# Marlin rifle



## JJ Grandits (Nov 10, 2002)

I've been looking at rifles with the idea of picking up a centerfire bolt action gun. This rifle would be used for deer hunting, varmint hunting and target shooting. I have checked out reviews of the "low end" offerings by Marlin, Mossberg and Savage. Im looking for the best deal for the dollar and am interested in the Marlin XS7 in .243. Does anyone have experience with this rifle?


----------



## Huntinfamily (Aug 14, 2010)

I don't but since you mentioned savage, we bought one for my Son in .243 as his first deer rifle. I can't remember which model it is but was around $200. Out of the box it was one of the most acurate "off the shelf" rifles I have ever shot. Even came with a simmons scope (not high on my list of good optics). I told my Wife the other day that if I had the money I would get myself one. I was very very impressed


----------



## ace admirer (Oct 5, 2005)

Huntinfamily said:


> I don't but since you mentioned savage, we bought one for my Son in .243 as his first deer rifle. I can't remember which model it is but was around $200. Out of the box it was one of the most acurate "off the shelf" rifles I have ever shot. Even came with a simmons scope (not high on my list of good optics). I told my Wife the other day that if I had the money I would get myself one. I was very very impressed


I think most target shooters will agree that savages are probably the most accurate rifles off the shelf for the price. they have a great chamber/barrel bore process.


----------



## poorboy (Apr 15, 2006)

Savage is super easy to rebarrel If one wishes to change caliber or wants a new barrel!:grin:


----------



## Pops2 (Jan 27, 2003)

poorboy said:


> Savage is super easy to rebarrel If one wishes to change caliber or wants a new barrel!:grin:


maybe on the newer ones. up through the 80s savage used to weld the barrels to the receiver on their cheapest models. this was part of the great accuracy at a low price.


----------



## JJ Grandits (Nov 10, 2002)

I choose the Marlin because it comes with an adjustable trigger. The Savage Edge does not. Both have free floated barrels and pillar bedded receivers. The Edge also has a very narrow pistol grip that felt strange to me. I do own a Marlin and a Savage in .22 and they are extremely accurate rifles. Real tack drivers.


----------



## lonelytree (Feb 28, 2008)

Get a Tikka T3. Best shooter out of the box.


----------



## JJ Grandits (Nov 10, 2002)

I looked at the Tikka T3. It's twice the price of the Marlin but shows no structural advantages. I do understand that they are good shooters. I just don't see the difference in price.


----------



## coolrunnin (Aug 28, 2010)

have to vote with the savage. Its about all I will own now. accu-trigger is great


----------



## lonelytree (Feb 28, 2008)

JJ Grandits said:


> I looked at the Tikka T3. It's twice the price of the Marlin but shows no structural advantages. I do understand that they are good shooters. I just don't see the difference in price.

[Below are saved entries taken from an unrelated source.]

(* Let $s\in\mathcal{Q}=\mathbb{Q}^{\geq0}\cup\{\infty\}$, written $s=q/p$ with $p,q\in\mathbb{N}$ coprime ($\infty=1/0$). Then $P^s_{p-1}\in J_s$ and $Q^s_{q-1}\in J_s$, and $$J_s=\left\langle\{P^s_i\mid 0\leq i<p\}\cup\{Q^s_j\mid 0\leq j<q\}\right\rangle_s .$$
   Context: $J_s=\{(\alpha,\beta)\in\mathbb{Z}^2:\ \alpha\equiv q,\ \beta\equiv p \pmod 2;\ \alpha\geq-q;\ \beta\geq-p;\ \alpha+\beta\leq p+q-2;\ p\alpha+q\beta\geq0\}$. $Z_s=(q,p)+2\mathbb{Z}^2$. $P^s_i=(q+2i,-p)$ and $Q^s_j=(-q,p+2j)$ for $i,j\in\mathbb{Z}$. For $U\subset Z_s$, $\langle U\rangle_s$ denotes the intersection with $Z_s$ of the convex hull of $U$ in $\mathbb{R}^2$. *)

theory Defs
  imports "HOL-Analysis.Analysis"
begin

text \<open>Parameters: s = q/p with p, q natural numbers, coprime (s = infinity is p = 0, q = 1).\<close>

definition J_s :: "nat \<Rightarrow> nat \<Rightarrow> (int \<times> int) set" where
  "J_s p q = {(a, b). a mod 2 = int q mod 2 \<and> b mod 2 = int p mod 2 \<and>
      a \<ge> - int q \<and> b \<ge> - int p \<and> a + b \<le> int p + int q - 2 \<and>
      int p * a + int q * b \<ge> 0}"

definition Z_s :: "nat \<Rightarrow> nat \<Rightarrow> (int \<times> int) set" where
  "Z_s p q = {(a, b). a mod 2 = int q mod 2 \<and> b mod 2 = int p mod 2}"

definition P_s :: "nat \<Rightarrow> nat \<Rightarrow> int \<Rightarrow> int \<times> int" where
  "P_s p q i = (int q + 2 * i, - int p)"

definition Q_s :: "nat \<Rightarrow> nat \<Rightarrow> int \<Rightarrow> int \<times> int" where
  "Q_s p q j = (- int q, int p + 2 * j)"

definition to_R2 :: "int \<times> int \<Rightarrow> real \<times> real" where
  "to_R2 z = (real_of_int (fst z), real_of_int (snd z))"

definition hull_s :: "nat \<Rightarrow> nat \<Rightarrow> (int \<times> int) set \<Rightarrow> (int \<times> int) set" where
  "hull_s p q U = {z \<in> Z_s p q. to_R2 z \<in> convex hull (to_R2 ` U)}"

end

theory Submission
  imports Defs
begin

text \<open>Over the reals the four inequalities defining \<open>J\<^sub>s\<close> cut out the quadrilateral with
  vertices \<open>P\<^sub>0, P\<^sub>p\<^sub>-\<^sub>1, Q\<^sub>q\<^sub>-\<^sub>1, Q\<^sub>0\<close>, and every generator satisfies them. Conversely a point
  of the quadrilateral lies on the ray from the corner \<open>(-q, -p)\<close> between the points where
  this ray crosses the edges \<open>P\<^sub>0Q\<^sub>0\<close> (on \<open>p x + q y = 0\<close>) and
  \<open>P\<^sub>p\<^sub>-\<^sub>1Q\<^sub>q\<^sub>-\<^sub>1\<close> (on \<open>x + y = p + q - 2\<close>), hence in the convex hull of the four vertices.
  Coprimality only rules out \<open>p = q = 0\<close> and collapses the cases \<open>p = 0\<close>, \<open>q = 0\<close> to a single
  point.\<close>

definition J_poly :: "nat \<Rightarrow> nat \<Rightarrow> (real \<times> real) set" where
  "J_poly p q = {(x, y). - real q \<le> x \<and> - real p \<le> y \<and> x + y \<le> real p + real q - 2 \<and>
      0 \<le> real p * x + real q * y}"

lemma convex_J_poly: "convex (J_poly p q)"
proof -
  have "J_poly p q = {z. (1, 0) \<bullet> z \<ge> - real q} \<inter> {z. (0, 1) \<bullet> z \<ge> - real p}
      \<inter> {z. (1, 1) \<bullet> z \<le> real p + real q - 2} \<inter> {z. (real p, real q) \<bullet> z \<ge> 0}"
    by (auto simp: J_poly_def inner_prod_def)
  then show ?thesis
    by (simp add: convex_Int convex_halfspace_ge convex_halfspace_le)
qed

lemma to_R2_mem_J_poly_iff:
  "to_R2 (a, b) \<in> J_poly p q \<longleftrightarrow>
    - int q \<le> a \<and> - int p \<le> b \<and> a + b \<le> int p + int q - 2 \<and> 0 \<le> int p * a + int q * b"
proof -
  have "to_R2 (a, b) \<in> J_poly p q \<longleftrightarrow>
      of_int (- int q) \<le> (of_int a :: real) \<and> of_int (- int p) \<le> (of_int b :: real) \<and>
      of_int (a + b) \<le> (of_int (int p + int q - 2) :: real) \<and>
      (0 :: real) \<le> of_int (int p * a + int q * b)"
    by (simp add: J_poly_def to_R2_def)
  then show ?thesis
    by (simp only: of_int_le_iff of_int_0_le_iff)
qed

lemma J_s_eq: "J_s p q = {z \<in> Z_s p q. to_R2 z \<in> J_poly p q}"
  by (auto simp: J_s_def Z_s_def to_R2_mem_J_poly_iff)

lemma P_s_last_mem_J_s:
  assumes "0 < p + q"
  shows "P_s p q (int p - 1) \<in> J_s p q"
proof -
  have "int p * (int q + 2 * (int p - 1)) + int q * - int p = 2 * int p * (int p - 1)"
    by (simp add: algebra_simps)
  moreover have "0 \<le> 2 * int p * (int p - 1)"
    by (cases "p = 0") simp_all
  moreover have "1 \<le> int p + int q"
    using assms by linarith
  moreover have "(int q + 2 * (int p - 1)) mod 2 = int q mod 2" "- int p mod 2 = int p mod 2"
    by presburger+
  ultimately show ?thesis
    by (simp add: P_s_def J_s_def)
qed

lemma Q_s_last_mem_J_s:
  assumes "0 < p + q"
  shows "Q_s p q (int q - 1) \<in> J_s p q"
proof -
  have "int p * - int q + int q * (int p + 2 * (int q - 1)) = 2 * int q * (int q - 1)"
    by (simp add: algebra_simps)
  moreover have "0 \<le> 2 * int q * (int q - 1)"
    by (cases "q = 0") simp_all
  moreover have "1 \<le> int p + int q"
    using assms by linarith
  moreover have "(int p + 2 * (int q - 1)) mod 2 = int p mod 2" "- int q mod 2 = int q mod 2"
    by presburger+
  ultimately show ?thesis
    by (simp add: Q_s_def J_s_def)
qed

lemma mem_closed_segment_scaled:
  fixes v :: "'a::real_vector" and \<alpha> \<beta> :: real
  assumes "\<alpha> \<le> 1" "1 \<le> \<beta>"
  shows "v \<in> closed_segment (\<alpha> *\<^sub>R v) (\<beta> *\<^sub>R v)"
proof (cases "\<alpha> = \<beta>")
  case True
  with assms show ?thesis by simp
next
  case False
  define u where "u = (1 - \<alpha>) / (\<beta> - \<alpha>)"
  have "u * (\<beta> - \<alpha>) = 1 - \<alpha>"
    using False by (simp add: u_def)
  then have "(1 - u) * \<alpha> + u * \<beta> = 1"
    by (simp add: algebra_simps)
  then have "v = (1 - u) *\<^sub>R \<alpha> *\<^sub>R v + u *\<^sub>R \<beta> *\<^sub>R v"
    by (metis scaleR_left_distrib scaleR_one scaleR_scaleR)
  moreover have "0 \<le> u" "u \<le> 1"
    using assms False by (auto simp: u_def field_simps)
  ultimately show ?thesis by (auto simp: in_segment)
qed

lemma mem_closed_segment_axes:
  fixes a b c X Y :: real
  assumes "0 < a" "0 < b" "0 \<le> X" "0 \<le> Y" "a * X + b * Y = c"
  shows "(X, Y) \<in> closed_segment (c / a, 0) (0, c / b)"
proof -
  have aX: "0 \<le> a * X" and bY: "0 \<le> b * Y"
    using assms by simp_all
  show ?thesis
  proof (cases "c = 0")
    case True
    with assms aX bY have "a * X = 0" "b * Y = 0"
      by linarith+
    with assms True show ?thesis
      by simp
  next
    case False
    with assms aX bY have "0 < c"
      by linarith
    define u where "u = b * Y / c"
    have "b * Y \<le> c"
      using assms aX by linarith
    with \<open>0 < c\<close> bY have "0 \<le> u" "u \<le> 1"
      by (simp_all add: u_def)
    moreover have "1 - u = a * X / c"
      using \<open>0 < c\<close> assms by (simp add: u_def field_simps)
    then have "(X, Y) = (1 - u) *\<^sub>R (c / a, 0) + u *\<^sub>R (0, c / b)"
      using assms \<open>0 < c\<close> by (simp add: u_def)
    ultimately show ?thesis
      by (auto simp: in_segment)
  qed
qed

lemma truncated_quadrant_subset_convex_hull:
  fixes a b c d X Y :: real
  assumes "0 < a" "0 < b" "0 < c" "0 \<le> X" "0 \<le> Y" "c \<le> a * X + b * Y" "X + Y \<le> d"
  shows "(X, Y) \<in> convex hull {(c / a, 0), (0, c / b), (d, 0), (0, d)}"
    (is "_ \<in> convex hull ?V")
proof -
  have "0 < a * X + b * Y"
    using assms by linarith
  have "0 < X + Y"
  proof (rule ccontr)
    assume "\<not> 0 < X + Y"
    with assms have "X = 0" "Y = 0"
      by linarith+
    with \<open>0 < a * X + b * Y\<close> show False
      by simp
  qed
  define \<alpha> where "\<alpha> = c / (a * X + b * Y)"
  define \<beta> where "\<beta> = d / (X + Y)"
  have "a * (\<alpha> * X) + b * (\<alpha> * Y) = \<alpha> * (a * X + b * Y)"
    by (simp add: algebra_simps)
  also have "\<dots> = c"
    using \<open>0 < a * X + b * Y\<close> by (simp add: \<alpha>_def)
  finally have inner: "\<alpha> *\<^sub>R (X, Y) \<in> closed_segment (c / a, 0) (0, c / b)"
    using mem_closed_segment_axes[of a b "\<alpha> * X" "\<alpha> * Y" c] assms \<open>0 < a * X + b * Y\<close>
    by (simp add: \<alpha>_def)
  have "\<beta> * X + \<beta> * Y = \<beta> * (X + Y)"
    by (simp add: distrib_left)
  also have "\<dots> = d"
    using \<open>0 < X + Y\<close> by (simp add: \<beta>_def)
  finally have outer: "\<beta> *\<^sub>R (X, Y) \<in> closed_segment (d, 0) (0, d)"
    using mem_closed_segment_axes[of 1 1 "\<beta> * X" "\<beta> * Y" d] assms \<open>0 < X + Y\<close>
    by (simp add: \<beta>_def)
  have "(X, Y) \<in> closed_segment (\<alpha> *\<^sub>R (X, Y)) (\<beta> *\<^sub>R (X, Y))"
    using assms \<open>0 < a * X + b * Y\<close> \<open>0 < X + Y\<close>
    by (intro mem_closed_segment_scaled) (simp_all add: \<alpha>_def \<beta>_def)
  moreover have "closed_segment (\<alpha> *\<^sub>R (X, Y)) (\<beta> *\<^sub>R (X, Y)) \<subseteq> convex hull ?V"
  proof (rule closed_segment_subset_convex_hull)
    have "closed_segment (c / a, 0) (0, c / b) \<subseteq> convex hull ?V"
      "closed_segment (d, 0) (0, d) \<subseteq> convex hull ?V"
      by (simp_all add: closed_segment_subset_convex_hull hull_inc)
    with inner outer show "\<alpha> *\<^sub>R (X, Y) \<in> convex hull ?V" "\<beta> *\<^sub>R (X, Y) \<in> convex hull ?V"
      by blast+
  qed
  ultimately show ?thesis
    by blast
qed

lemma J_poly_subset_convex_hull_corners:
  assumes "0 < p" "0 < q"
  shows "J_poly p q \<subseteq> convex hull {(real q, - real p), (- real q, real p),
    (2 * real p + real q - 2, - real p), (- real q, real p + 2 * real q - 2)}"
    (is "_ \<subseteq> convex hull ?C")
proof
  fix z assume "z \<in> J_poly p q"
  then obtain x y where z: "z = (x, y)" and J: "- real q \<le> x" "- real p \<le> y"
    "x + y \<le> real p + real q - 2" "0 \<le> real p * x + real q * y"
    by (auto simp: J_poly_def)
  let ?o = "(- real q, - real p)"
  let ?V = "{(2 * real q, 0), (0, 2 * real p), (2 * real p + 2 * real q - 2, 0),
    (0, 2 * real p + 2 * real q - 2)}"
  have "(x + q, y + p) \<in> convex hull {(2 * real p * real q / real p, 0),
      (0, 2 * real p * real q / real q), (2 * real p + 2 * real q - 2, 0),
      (0, 2 * real p + 2 * real q - 2)}"
    using assms J by (intro truncated_quadrant_subset_convex_hull) (auto simp: algebra_simps)
  then have z_image: "z \<in> (\<lambda>w. ?o + w) ` (convex hull ?V)"
    using assms by (auto simp: z intro!: image_eqI[where x = "(x + q, y + p)"])
  have translate_V: "(\<lambda>w. ?o + w) ` ?V = ?C"
    by (simp add: algebra_simps)
  have "convex hull ?C = (\<lambda>w. ?o + w) ` (convex hull ?V)"
    using convex_hull_translation[of ?o ?V] by (simp only: translate_V)
  with z_image show "z \<in> convex hull ?C"
    by (simp only:)
qed

definition J_generators :: "nat \<Rightarrow> nat \<Rightarrow> (int \<times> int) set" where
  "J_generators p q = {P_s p q (int i) | i. i < p} \<union> {Q_s p q (int j) | j. j < q}"

lemma J_generators_subset_J_poly: "to_R2 ` J_generators p q \<subseteq> J_poly p q"
proof -
  have "to_R2 (P_s p q (int i)) \<in> J_poly p q" if "i < p" for i
  proof -
    have "real i \<le> real p - 1" using that by linarith
    then show ?thesis by (simp add: J_poly_def to_R2_def P_s_def algebra_simps)
  qed
  moreover have "to_R2 (Q_s p q (int j)) \<in> J_poly p q" if "j < q" for j
  proof -
    have "real j \<le> real q - 1" using that by linarith
    then show ?thesis by (simp add: J_poly_def to_R2_def Q_s_def algebra_simps)
  qed
  ultimately show ?thesis by (auto simp: J_generators_def)
qed

lemma convex_hull_J_generators:
  assumes "coprime p q"
  shows "convex hull (to_R2 ` J_generators p q) = J_poly p q"
proof
  show "convex hull (to_R2 ` J_generators p q) \<subseteq> J_poly p q"
    by (intro hull_minimal J_generators_subset_J_poly convex_J_poly)
next
  have P: "to_R2 (P_s p q (int i)) \<in> convex hull (to_R2 ` J_generators p q)" if "i < p" for i
    using that by (intro hull_inc imageI) (auto simp: J_generators_def)
  have Q: "to_R2 (Q_s p q (int j)) \<in> convex hull (to_R2 ` J_generators p q)" if "j < q" for j
    using that by (intro hull_inc imageI) (auto simp: J_generators_def)
  consider "p = 0" "q = 1" | "q = 0" "p = 1" | "0 < p" "0 < q"
    using assms by fastforce
  then show "J_poly p q \<subseteq> convex hull (to_R2 ` J_generators p q)"
  proof cases
    case 1
    then have "J_poly p q = {to_R2 (Q_s p q 0)}"
      by (auto simp: J_poly_def to_R2_def Q_s_def)
    with 1 Q[of 0] show ?thesis by simp
  next
    case 2
    then have "J_poly p q = {to_R2 (P_s p q 0)}"
      by (auto simp: J_poly_def to_R2_def P_s_def)
    with 2 P[of 0] show ?thesis by simp
  next
    case 3
    let ?H = "convex hull (to_R2 ` J_generators p q)"
    have "(real q, - real p) \<in> ?H" "(- real q, real p) \<in> ?H"
      using 3 P[of 0] Q[of 0] by (simp_all add: to_R2_def P_s_def Q_s_def)
    moreover have "(2 * real p + real q - 2, - real p) \<in> ?H"
      using 3 P[of "p - 1"] by (simp add: to_R2_def P_s_def of_nat_diff algebra_simps)
    moreover have "(- real q, real p + 2 * real q - 2) \<in> ?H"
      using 3 Q[of "q - 1"] by (simp add: to_R2_def Q_s_def of_nat_diff algebra_simps)
    ultimately have "convex hull {(real q, - real p), (- real q, real p),
        (2 * real p + real q - 2, - real p), (- real q, real p + 2 * real q - 2)} \<subseteq> ?H"
      by (intro convex_hull_subset) (simp only: insert_subset empty_subsetI simp_thms)
    with J_poly_subset_convex_hull_corners[OF 3] show ?thesis
      by (rule order.trans)
  qed
qed

theorem lemma4:
  fixes p q :: nat
  assumes "coprime p q"
  shows "P_s p q (int p - 1) \<in> J_s p q \<and> Q_s p q (int q - 1) \<in> J_s p q \<and>
    J_s p q = hull_s p q ({P_s p q (int i) | i. i < p} \<union> {Q_s p q (int j) | j. j < q})"
proof -
  have pos: "0 < p + q"
    using assms by (cases "p + q") auto
  have "J_s p q = hull_s p q (J_generators p q)"
    by (simp add: J_s_eq hull_s_def convex_hull_J_generators[OF assms])
  then show ?thesis
    unfolding J_generators_def using P_s_last_mem_J_s[OF pos] Q_s_last_mem_J_s[OF pos] by blast
qed

end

Run the bolt a couple times. Look at out of the box MOA. I knew I had found my last big game rifle when I shot it the first time.


----------



## JJ Grandits (Nov 10, 2002)

I believe you. Unfortunately price is a major concern. If I had the money I would have gone with one of the higher end Savages.


----------



## Qhorseman (Jul 9, 2010)

The Stevens 200 are built on the old savage Model 10 and Model 110 actions. I bought my daughter one tightened up the head space and installed a RifleBasix trigger, Her 223 is shooting sub moa.


----------



## TnTnTn (Dec 23, 2004)

I don't have one of the 'new' Marlins but I have not heard anything but positive comments by an overwhelming majority. However that being said I would take a hard look at the Stevens 200 as mentioned above. I have had mine for several years-gave $275 for it, put on a $100 Simmons scope, and it shoots better than nearly any rifle I have ever owned. The 6 shots pictured were just to check zero as I hadn't fired it in 6-8 months and were fired right as the rifle came out of the safe. I can't do this every time but it shoots sub moa easily. I never was much of a fan of the .243 but that is me. I have killed several coyotes, several deer, and a couple of bobcats with the Stevens. I would get a 7/08 if I were going to get a 'deer' rifle that would occasionally be used for predators-but stick with a .223 if I wanted a 'predator' rifle that could occasionally be used for deer(if legal in your state). TTT


----------



## JJ Grandits (Nov 10, 2002)

I swear, I've put more time into choosing a rifle then I have choosing a wife.


----------



## ace admirer (Oct 5, 2005)

you may want to get rid of a wife,,,,you will never want to loose your chosen rifle...


----------



## Jolly (Jan 8, 2004)

We've shot hundreds of rifles on the bags through the years. By doing this, I've formed some pretty entrenched opinions.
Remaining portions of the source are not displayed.